Pakistani politicians have either remained silent or expressed support of the ban. On Wednesday, Talha Mehmood, chairman of the Senate standing committee on interior affairs, urged the government to redefine its relations with the West against the backdrop of an increase in incidents hurting religious sentiments of the Muslims.

But the blanket bans have also provoked the ire of many Internet users within Pakistan’s growing middle classes, who rely on Facebook for communicating with friends and organizing events. Many argue that the decision to ban the websites en masse was injudicious.

"Why on earth should Islam be given any immunity to criticism, hiding like ostriches and constantly getting offended is what has made us so backward," wrote one Nabiha Meher Shaikh.

Badar Alam, a senior editor in Pakistan’s Herald magazine, argues that the ban reflects the increasing role of religion in the judiciary.
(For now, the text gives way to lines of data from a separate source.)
(* Let $k\ge3$. Let $C$ and $C'$ be cycles of length $2k$ with $E(C)\cap E(C')=\emptyset$ and $V(C)\cap V(C')\neq\emptyset$. If $H:=C\cup C'$ has girth at least $2k-2$, then $H$ can be decomposed into two paths, each of length $2k$.
   Context: Graphs are finite and simple; length = number of edges; girth = length of a shortest cycle. A decomposition of a graph is a set of subgraphs whose edge sets partition its edge set. *)

theory Defs
  imports Main
begin

text \<open>Finite simple graphs without isolated vertices are represented by their edge sets:
  an edge is a 2-element set of vertices. The vertex set of such a graph is the union of its edges.\<close>

definition verts :: "'a set set \<Rightarrow> 'a set" where
  "verts E = \<Union>E"

definition path_edges :: "'a list \<Rightarrow> 'a set set" where
  "path_edges xs = {{xs ! i, xs ! Suc i} | i. Suc i < length xs}"

definition cycle_edges :: "'a list \<Rightarrow> 'a set set" where
  "cycle_edges xs = {{xs ! i, xs ! ((Suc i) mod length xs)} | i. i < length xs}"

definition is_path_of_length :: "'a set set \<Rightarrow> nat \<Rightarrow> bool" where
  "is_path_of_length P n \<longleftrightarrow>
     (\<exists>xs. distinct xs \<and> length xs = Suc n \<and> P = path_edges xs)"

definition is_cycle_of_length :: "'a set set \<Rightarrow> nat \<Rightarrow> bool" where
  "is_cycle_of_length C n \<longleftrightarrow>
     (n \<ge> 3 \<and> (\<exists>xs. distinct xs \<and> length xs = n \<and> C = cycle_edges xs))"

text \<open>Girth at least g: every cycle contained in the graph has length at least g
  (vacuous for forests, whose girth is infinite).\<close>
definition girth_at_least :: "'a set set \<Rightarrow> nat \<Rightarrow> bool" where
  "girth_at_least E g \<longleftrightarrow>
     (\<forall>C n. C \<subseteq> E \<and> is_cycle_of_length C n \<longrightarrow> g \<le> n)"

definition decomposes_into_two_paths :: "'a set set \<Rightarrow> nat \<Rightarrow> bool" where
  "decomposes_into_two_paths E n \<longleftrightarrow>
     (\<exists>P1 P2. P1 \<union> P2 = E \<and> P1 \<inter> P2 = {} \<and>
        is_path_of_length P1 n \<and> is_path_of_length P2 n)"

end

theory Submission
  imports Defs
begin

text \<open>Pick a common vertex v and list the cycles as v c \<dots> v and v d \<dots> v, where the
  neighbour c of v on C avoids C' and the neighbour d of v on C' avoids C. Then swapping the
  edges vc and vd turns C and C' into the two paths c \<dots> v d and d \<dots> v c of length 2k.
  Such neighbours exist by the girth condition: a neighbour a of v on C that lies on C' spans a
  chord va of C', which closes cycles of lengths j + 1 and 2k - j + 1 with C', where j is the
  distance from v to a along C'. Both are at least 2k - 2, which forces j = 3 (and k = 3); so
  the two neighbours of v on C cannot both lie on C', as they would both be the vertex
  at distance 3 from v in the same direction along C'.\<close>

lemma path_edges_Nil [simp]: "path_edges [] = {}"
  by (simp add: path_edges_def)

lemma path_edges_singleton [simp]: "path_edges [x] = {}"
  by (simp add: path_edges_def)

lemma path_edges_conv_image: "path_edges xs = (\<lambda>i. {xs ! i, xs ! Suc i}) ` {..<length xs - 1}"
  unfolding path_edges_def by auto

lemma path_edges_Cons_Cons [simp]:
  "path_edges (x # y # zs) = insert {x, y} (path_edges (y # zs))"
  unfolding path_edges_conv_image by (simp add: lessThan_Suc_eq_insert_0 image_image)

lemma path_edges_snoc:
  "xs \<noteq> [] \<Longrightarrow> path_edges (xs @ [y]) = insert {last xs, y} (path_edges xs)"
  by (induction xs rule: induct_list012) (auto simp: insert_commute)

lemma path_edges_rev [simp]: "path_edges (rev xs) = path_edges xs"
proof (induction xs rule: induct_list012)
  case (3 x y zs)
  have "path_edges (rev (y # zs) @ [x]) = insert {y, x} (path_edges (rev (y # zs)))"
    by (subst path_edges_snoc) auto
  then show ?case
    using "3.IH"(2) by (simp add: insert_commute doubleton_eq_iff)
qed auto

lemma path_edges_take_subset: "path_edges (take n xs) \<subseteq> path_edges xs"
  unfolding path_edges_def by force

lemma verts_path_edges: "2 \<le> length xs \<Longrightarrow> verts (path_edges xs) = set xs"
proof (induction xs rule: induct_list012)
  case (3 x y zs)
  then show ?case
    by (cases zs) (auto simp: verts_def)
qed auto

lemma cycle_edges_eq_path_edges: "cycle_edges (x # xs) = path_edges (x # xs @ [x])"
proof -
  let ?c = "x # xs" and ?p = "x # xs @ [x]"
  have edge: "{?c ! i, ?c ! (Suc i mod length ?c)} = {?p ! i, ?p ! Suc i}"
    if "i < length ?c" for i
  proof (cases "Suc i < length ?c")
    case True
    then show ?thesis by (cases i) (simp_all add: nth_append)
  next
    case False
    with that have "Suc i = length ?c" by simp
    then show ?thesis by (simp add: nth_append nth_Cons')
  qed
  have "cycle_edges ?c = (\<lambda>i. {?c ! i, ?c ! (Suc i mod length ?c)}) ` {..<length ?c}"
    unfolding cycle_edges_def by auto
  also have "\<dots> = (\<lambda>i. {?p ! i, ?p ! Suc i}) ` {..<length ?c}"
    using edge by (intro image_cong) auto
  also have "\<dots> = path_edges ?p"
    unfolding path_edges_def by auto
  finally show ?thesis .
qed

lemma cycle_edges_Cons_Cons:
  "cycle_edges (v # c # r) = insert {v, c} (path_edges (c # r @ [v]))"
  by (simp add: cycle_edges_eq_path_edges)

lemma cycle_edges_rotate1 [simp]: "cycle_edges (rotate1 xs) = cycle_edges xs"
proof (cases xs)
  case (Cons x ys)
  then show ?thesis
  proof (cases ys)
    case (Cons y zs)
    have "cycle_edges (rotate1 xs) = path_edges ((y # zs @ [x]) @ [y])"
      using \<open>xs = x # ys\<close> Cons by (simp add: cycle_edges_eq_path_edges)
    also have "\<dots> = cycle_edges xs"
      using \<open>xs = x # ys\<close> Cons by (subst path_edges_snoc) (auto simp: cycle_edges_eq_path_edges)
    finally show ?thesis .
  qed simp
qed simp

lemma cycle_edges_rotate [simp]: "cycle_edges (rotate n xs) = cycle_edges xs"
  by (induction n) simp_all

lemma cycle_edges_rev_tail: "cycle_edges (v # rev t) = cycle_edges (v # t)"
proof -
  have "v # rev t @ [v] = rev (v # t @ [v])" by simp
  then show ?thesis
    by (simp only: cycle_edges_eq_path_edges path_edges_rev)
qed

lemma verts_cycle_edges: "xs \<noteq> [] \<Longrightarrow> verts (cycle_edges xs) = set xs"
  by (cases xs) (simp_all add: cycle_edges_eq_path_edges verts_path_edges)

lemma path_edges_subset_cycle_edges: "path_edges xs \<subseteq> cycle_edges xs"
proof (cases xs)
  case (Cons v t)
  then have "path_edges xs = path_edges (take (length xs) (v # t @ [v]))" by simp
  also have "\<dots> \<subseteq> cycle_edges xs"
    using Cons path_edges_take_subset[of "length xs" "v # t @ [v]"]
    by (simp add: cycle_edges_eq_path_edges)
  finally show ?thesis .
qed simp

lemma end_edge_notin_path_edges:
  assumes "distinct xs" and "2 < length xs"
  shows "{hd xs, last xs} \<notin> path_edges xs"
proof -
  obtain x y zs where xs: "xs = x # y # zs" and "zs \<noteq> []"
    using assms(2) by (cases xs; cases "tl xs"; cases "tl (tl xs)") auto
  then have "last xs \<noteq> y" and "last xs \<in> set (y # zs)"
    using assms(1) by (auto simp: last_in_set)
  moreover have "x \<notin> verts (path_edges (y # zs))"
    using assms(1) \<open>zs \<noteq> []\<close> by (subst verts_path_edges) (auto simp: xs Suc_le_eq)
  ultimately show ?thesis
    by (auto simp: xs verts_def doubleton_eq_iff)
qed

lemma ex_rotate_to_front: "v \<in> set xs \<Longrightarrow> \<exists>n t. rotate n xs = v # t"
proof -
  assume "v \<in> set xs"
  then obtain i where i: "i < length xs" "xs ! i = v"
    by (auto simp: in_set_conv_nth)
  then have "rotate i xs = v # drop (Suc i) xs @ take i xs"
    using Cons_nth_drop_Suc[of i xs] by (simp add: rotate_drop_take)
  then show ?thesis by blast
qed

text \<open>A chord from v to the vertex t ! i of the cycle v # t closes the shorter cycle
  v, t ! 0, \<dots>, t ! i.\<close>

lemma girth_le_chord_cycle:
  assumes "distinct (v # t)" and "i < length t"
    and "{v, t ! i} \<in> E" and "{v, t ! i} \<notin> cycle_edges (v # t)"
    and "cycle_edges (v # t) \<subseteq> E" and "girth_at_least E g"
  shows "g \<le> i + 2"
proof -
  define zs where "zs = v # take (Suc i) t"
  have "i \<noteq> 0"
  proof
    assume "i = 0"
    then obtain t' where "t = t ! 0 # t'"
      using assms(2) by (cases t) auto
    then show False
      using assms(4) \<open>i = 0\<close> by (metis cycle_edges_Cons_Cons insertI1)
  qed
  have "last zs = t ! i"
    using assms(2) by (auto simp: zs_def last_conv_nth)
  have "cycle_edges zs = path_edges (zs @ [v])"
    by (simp add: zs_def cycle_edges_eq_path_edges del: path_edges_Cons_Cons)
  also have "\<dots> = insert {v, t ! i} (path_edges zs)"
    using path_edges_snoc[of zs v] \<open>last zs = t ! i\<close> by (simp add: zs_def insert_commute)
  finally have "cycle_edges zs = insert {v, t ! i} (path_edges zs)" .
  moreover have "path_edges zs \<subseteq> cycle_edges (v # t)"
    using path_edges_take_subset[of "Suc (Suc i)" "v # t"] path_edges_subset_cycle_edges
    by (auto simp: zs_def)
  ultimately have "cycle_edges zs \<subseteq> E"
    using assms(3,5) by auto
  moreover have "distinct zs" and "length zs = i + 2"
    using assms(1,2) by (auto simp: zs_def dest: in_set_takeD)
  then have "is_cycle_of_length (cycle_edges zs) (i + 2)"
    unfolding is_cycle_of_length_def using \<open>i \<noteq> 0\<close> by auto
  ultimately show ?thesis
    using assms(6) unfolding girth_at_least_def by blast
qed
“Since the 1980s there have been few if any at all progressive, liberal people who could make it to the bench,” he says. “The courts in Pakistan over the last three decades have in their judgments started citing religious injunction as much as, if not more, the laws and the constitution.”

The judiciary is also keenly aware of the popular impact of its decisions and has become a highly politicized institution, he argues. “It is a natural consequence of the movement for the restoration of the judiciary that the judges keep public's sentiments as much in mind as they do law. More often than not they have made 'popular' decisions,” he says, referring to a popular movement in recent years to reinstate dozens of deposed judges.

Facebook has reacted with “disappointment,” according to a statement made to Agence France Presse late Wednesday. “We are analyzing the situation and the legal considerations, and will take appropriate action, which may include making this content inaccessible to users in Pakistan.”